Beauty salons sometimes perform lifecasting when they apply plaster mixed with herbs to the face, over cream, with the goal of gently warming the face with the cream and herbs.

==Lifecasting and art==
Lifecasting is considered a sculptural art by some, while others think it is more a technical skill and the work of artisans. Critics of lifecasting as an art claim that it lacks the talent or creativity that more conventional sculptural disciplines require. This criticism echoes that heard in artistic circles during the late nineteenth and early twentieth centuries relating to photography. As with photographs, lifecasts are sometimes manipulated, altered and incorporated with other media. Lifecasters are united only by the fact that each work starts with a lifecast. Artistic choices begin with choice of model, of pose, and of area of the body shown. Defining the edge is clearly a sculptural act.
Probably the most popular alteration is to add paint and various finishes to the surface of the lifecast.
Duane Hanson is a contemporary sculptor to use lifecasting in his works.

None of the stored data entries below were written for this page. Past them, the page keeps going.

(* There are uncountably many paving tropical ideals of degree $3$ in $\mathbb{B}[x^{\pm1}]$ (in particular, uncountably many zero-dimensional tropical ideals of degree $3$ in $\mathbb{B}[x^{\pm1}]$).
   Context: $\mathbb{B}=\{\infty,0\}$ with $\oplus=\min$ and multiplication $+$; $\operatorname{supp}(f)$ is the set of exponents with coefficient $\neq\infty$. A tropical ideal $I\subset\mathbb{B}[x^{\pm1}]$ is an ideal such that for all $f,g\in I$ and $u\in\operatorname{supp}(f)\cap\operatorname{supp}(g)$ there is $h\in I$ with $\operatorname{supp}(f)\Delta\operatorname{supp}(g)\subset\operatorname{supp}(h)\subset(\operatorname{supp}(f)\cup\operatorname{supp}(g))\setminus\{u\}$. Its underlying matroid on $\mathbb{Z}$ has as independent sets those containing no support of a polynomial of $I$. $I$ is zero-dimensional of degree $r$ iff this matroid has finite rank $r$. $I$ is a paving tropical ideal if it is zero-dimensional and every minimal support of a polynomial in $I$ (circuit) has size $\deg(I)$ or $\deg(I)+1$. *)

theory Defs
  imports Main "HOL-Library.Countable_Set"
begin

text \<open>A Laurent polynomial over the Boolean semifield B = {inf, 0} (min, +) is determined
by its support, a finite subset of the integers: coefficient 0 on the support, inf elsewhere.
Tropical addition (min) corresponds to union of supports, the zero polynomial (all inf)
to the empty set, and tropical multiplication (+) to the Minkowski sum of supports.\<close>

definition bmult :: "int set \<Rightarrow> int set \<Rightarrow> int set" where
  "bmult f g = {i + j | i j. i \<in> f \<and> j \<in> g}"

definition b_ideal :: "int set set \<Rightarrow> bool" where
  "b_ideal I \<longleftrightarrow> (\<forall>f\<in>I. finite f) \<and> {} \<in> I \<and>
     (\<forall>f\<in>I. \<forall>g\<in>I. f \<union> g \<in> I) \<and>
     (\<forall>f\<in>I. \<forall>g. finite g \<longrightarrow> bmult g f \<in> I)"

definition tropical_ideal :: "int set set \<Rightarrow> bool" where
  "tropical_ideal I \<longleftrightarrow> b_ideal I \<and>
     (\<forall>f\<in>I. \<forall>g\<in>I. \<forall>u\<in>f \<inter> g. \<exists>h\<in>I.
        (f - g) \<union> (g - f) \<subseteq> h \<and> h \<subseteq> (f \<union> g) - {u})"

definition matroid_indep :: "int set set \<Rightarrow> int set \<Rightarrow> bool" where
  "matroid_indep I A \<longleftrightarrow> (\<forall>f\<in>I. f \<noteq> {} \<longrightarrow> \<not> f \<subseteq> A)"

definition zero_dim_degree :: "int set set \<Rightarrow> nat \<Rightarrow> bool" where
  "zero_dim_degree I r \<longleftrightarrow> tropical_ideal I \<and>
     (\<forall>A. matroid_indep I A \<longrightarrow> finite A \<and> card A \<le> r) \<and>
     (\<exists>A. finite A \<and> matroid_indep I A \<and> card A = r)"

definition circuit :: "int set set \<Rightarrow> int set \<Rightarrow> bool" where
  "circuit I C \<longleftrightarrow> C \<in> I \<and> C \<noteq> {} \<and> (\<forall>f\<in>I. f \<noteq> {} \<longrightarrow> f \<subseteq> C \<longrightarrow> f = C)"

definition paving_tropical_ideal :: "int set set \<Rightarrow> bool" where
  "paving_tropical_ideal I \<longleftrightarrow> (\<exists>r. zero_dim_degree I r \<and>
     (\<forall>C. circuit I C \<longrightarrow> card C = r \<or> card C = r + 1))"

end

theory Submission
  imports Defs
begin

text \<open>Call a translation-invariant family of 3-subsets of \<open>\<int>\<close>, any two of which meet in at
most one point, a family of lines. The sets \<open>{}\<close>, the lines, the 4-sets containing no line and all
finite sets of size at least 5 then form a paving tropical ideal of degree 3 whose 3-element
circuits are the lines: translation invariance gives closure under multiplication, and because two
lines share at most one point, every circuit elimination is resolved by a line or by a large set.
The translates of the rulers \<open>4\<^sup>n \<cdot> {0,1,3}\<close> with \<open>n \<in> A\<close> form a family of lines, since the
nonzero differences \<open>\<plusminus>1, \<plusminus>2, \<plusminus>3\<close> of \<open>{0,1,3}\<close> are not related by a power of 4. As
\<open>4\<^sup>n \<cdot> {0,1,3}\<close> is a support exactly when \<open>n \<in> A\<close>, distinct \<open>A \<subseteq> \<nat>\<close> give distinct ideals.\<close>

lemma obtain_card4_subset:
  assumes "\<not> (finite B \<and> card B \<le> 3)"
  obtains D where "D \<subseteq> B" "finite D" "card D = 4"
proof (cases "finite B")
  case True
  with assms have "4 \<le> card B" by simp
  then show ?thesis by (rule obtain_subset_with_card_n) (use that in blast)
next
  case False
  then show ?thesis using infinite_arbitrarily_large that by blast
qed

locale line_family =
  fixes lines :: "int set set"
  assumes card_line: "L \<in> lines \<Longrightarrow> card L = 3"
    and lines_eqI: "\<lbrakk>L \<in> lines; M \<in> lines; x \<in> L \<inter> M; y \<in> L \<inter> M; x \<noteq> y\<rbrakk> \<Longrightarrow> L = M"
    and translate_line: "L \<in> lines \<Longrightarrow> (+) c ` L \<in> lines"
begin

definition paving_ideal :: "int set set" where
  "paving_ideal = {S. finite S \<and> (S = {} \<or> S \<in> lines \<or>
      (card S = 4 \<and> (\<forall>L\<in>lines. \<not> L \<subseteq> S)) \<or> 5 \<le> card S)}"

lemma finite_line: "L \<in> lines \<Longrightarrow> finite L"
  using card_line card.infinite by fastforce

lemma line_in_paving_ideal: "L \<in> lines \<Longrightarrow> L \<in> paving_ideal"
  unfolding paving_ideal_def using finite_line by blast

lemma empty_in_paving_ideal: "{} \<in> paving_ideal"
  unfolding paving_ideal_def by simp

lemma paving_idealE:
  assumes "S \<in> paving_ideal" "S \<noteq> {}"
  obtains "finite S" "S \<in> lines"
    | "finite S" "card S = 4" "\<forall>L\<in>lines. \<not> L \<subseteq> S"
    | "finite S" "5 \<le> card S"
  using assms unfolding paving_ideal_def by blast

lemma finite_paving_ideal: "S \<in> paving_ideal \<Longrightarrow> finite S"
  unfolding paving_ideal_def by blast

lemma card_paving_ideal_ge: "S \<in> paving_ideal \<Longrightarrow> S \<noteq> {} \<Longrightarrow> 3 \<le> card S"
  by (elim paving_idealE) (auto simp: card_line)

lemma card3_in_paving_ideal_iff: "card S = 3 \<Longrightarrow> S \<in> paving_ideal \<longleftrightarrow> S \<in> lines"
  using card_paving_ideal_ge line_in_paving_ideal
  by (fastforce elim: paving_idealE)

text \<open>The sets \<open>L \<union> {v}\<close> must not be supports: eliminating a point \<open>u \<in> L\<close> between \<open>L\<close> and
\<open>L \<union> {v}\<close> would produce the line \<open>(L - {u}) \<union> {v}\<close>, which meets \<open>L\<close> in two points.\<close>

lemma not_in_paving_ideal_line_insert:
  assumes S: "S \<in> paving_ideal" and L: "L \<in> lines"
    and "v \<notin> L" "v \<in> S" "S \<subseteq> insert v L"
  shows False
proof -
  have card_insert: "card (insert v L) = 4"
    using \<open>v \<notin> L\<close> card_line[OF L] finite_line[OF L] by simp
  then have "card S \<le> 4"
    using card_mono[OF _ \<open>S \<subseteq> insert v L\<close>] finite_line[OF L] by simp
  from S \<open>v \<in> S\<close> have "S \<noteq> {}" by blast
  with S show False
  proof (cases rule: paving_idealE)
    case 2
    then have "S = insert v L"
      using card_subset_eq[OF _ \<open>S \<subseteq> insert v L\<close>] finite_line[OF L] card_insert by simp
    with 2 L show False by blast
  next
    case 1
    have "card (S - {v}) = 2"
      using card_line[OF \<open>S \<in> lines\<close>] \<open>v \<in> S\<close> \<open>finite S\<close> by simp
    then obtain x y where "S - {v} = {x, y}" "x \<noteq> y"
      by (meson card_2_iff)
    then have "S = L"
      using lines_eqI[OF \<open>S \<in> lines\<close> L, of x y] \<open>S \<subseteq> insert v L\<close> by blast
    with \<open>v \<in> S\<close> \<open>v \<notin> L\<close> show False by blast
  qed (use \<open>card S \<le> 4\<close> in simp)
qed

lemma card_Un_paving_ideal_ge:
  assumes f: "f \<in> paving_ideal" and g: "g \<in> paving_ideal" and "f \<noteq> {}" "\<not> g \<subseteq> f"
  shows "5 \<le> card (f \<union> g)"
proof -
  obtain x where x: "x \<in> g" "x \<notin> f" using \<open>\<not> g \<subseteq> f\<close> by blast
  have fin: "finite (f \<union> g)"
    using finite_paving_ideal[OF f] finite_paving_ideal[OF g] by simp
  have "card (insert x f) \<le> card (f \<union> g)"
    using x fin by (intro card_mono) auto
  then have card_Un: "card f + 1 \<le> card (f \<union> g)"
    using x finite_paving_ideal[OF f] by simp
  from f \<open>f \<noteq> {}\<close> show ?thesis
  proof (cases rule: paving_idealE)
    case 1
    show ?thesis
    proof (rule ccontr)
      assume "\<not> ?thesis"
      then have "card (f \<union> g) = card (insert x f)"
        using card_Un card_line[OF \<open>f \<in> lines\<close>] x \<open>finite f\<close> by simp
      then have "f \<union> g = insert x f"
        using card_subset_eq[of "f \<union> g" "insert x f"] fin x by auto
      then show False
        using not_in_paving_ideal_line_insert[OF g \<open>f \<in> lines\<close> x(2,1)] by blast
    qed
  qed (use card_Un in auto)
qed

He reproduced the entire body including hair and skintone, and then works dressed and posed.

==Applications==
Lifecasting allows creation of exact portraits and body reproduction, works which may have artistic and personal value.
Lifecasting is regularly practiced in the special effects industry, where it is used in the creation of prosthetics, props, and animatronics, most commonly for film and television. Lifecasting also finds medical use in the creation and fitting of prostheses and dentures.

Lifecasting has also found a niche market in the creation of personalized dildos, which are the cast replicas of erect penises. Several companies sell lifecasting kits designed specifically for this purpose. It is also possible to make moulds of the vagina as well, though the process is more complicated.

Pregnant women often choose to have a belly cast of their torso made between the 35th - 38th week of pregnancy to capture their shape.

A death mask is a similar process to lifecasting, with the major difference being that a deathmask is created on a dead person's face.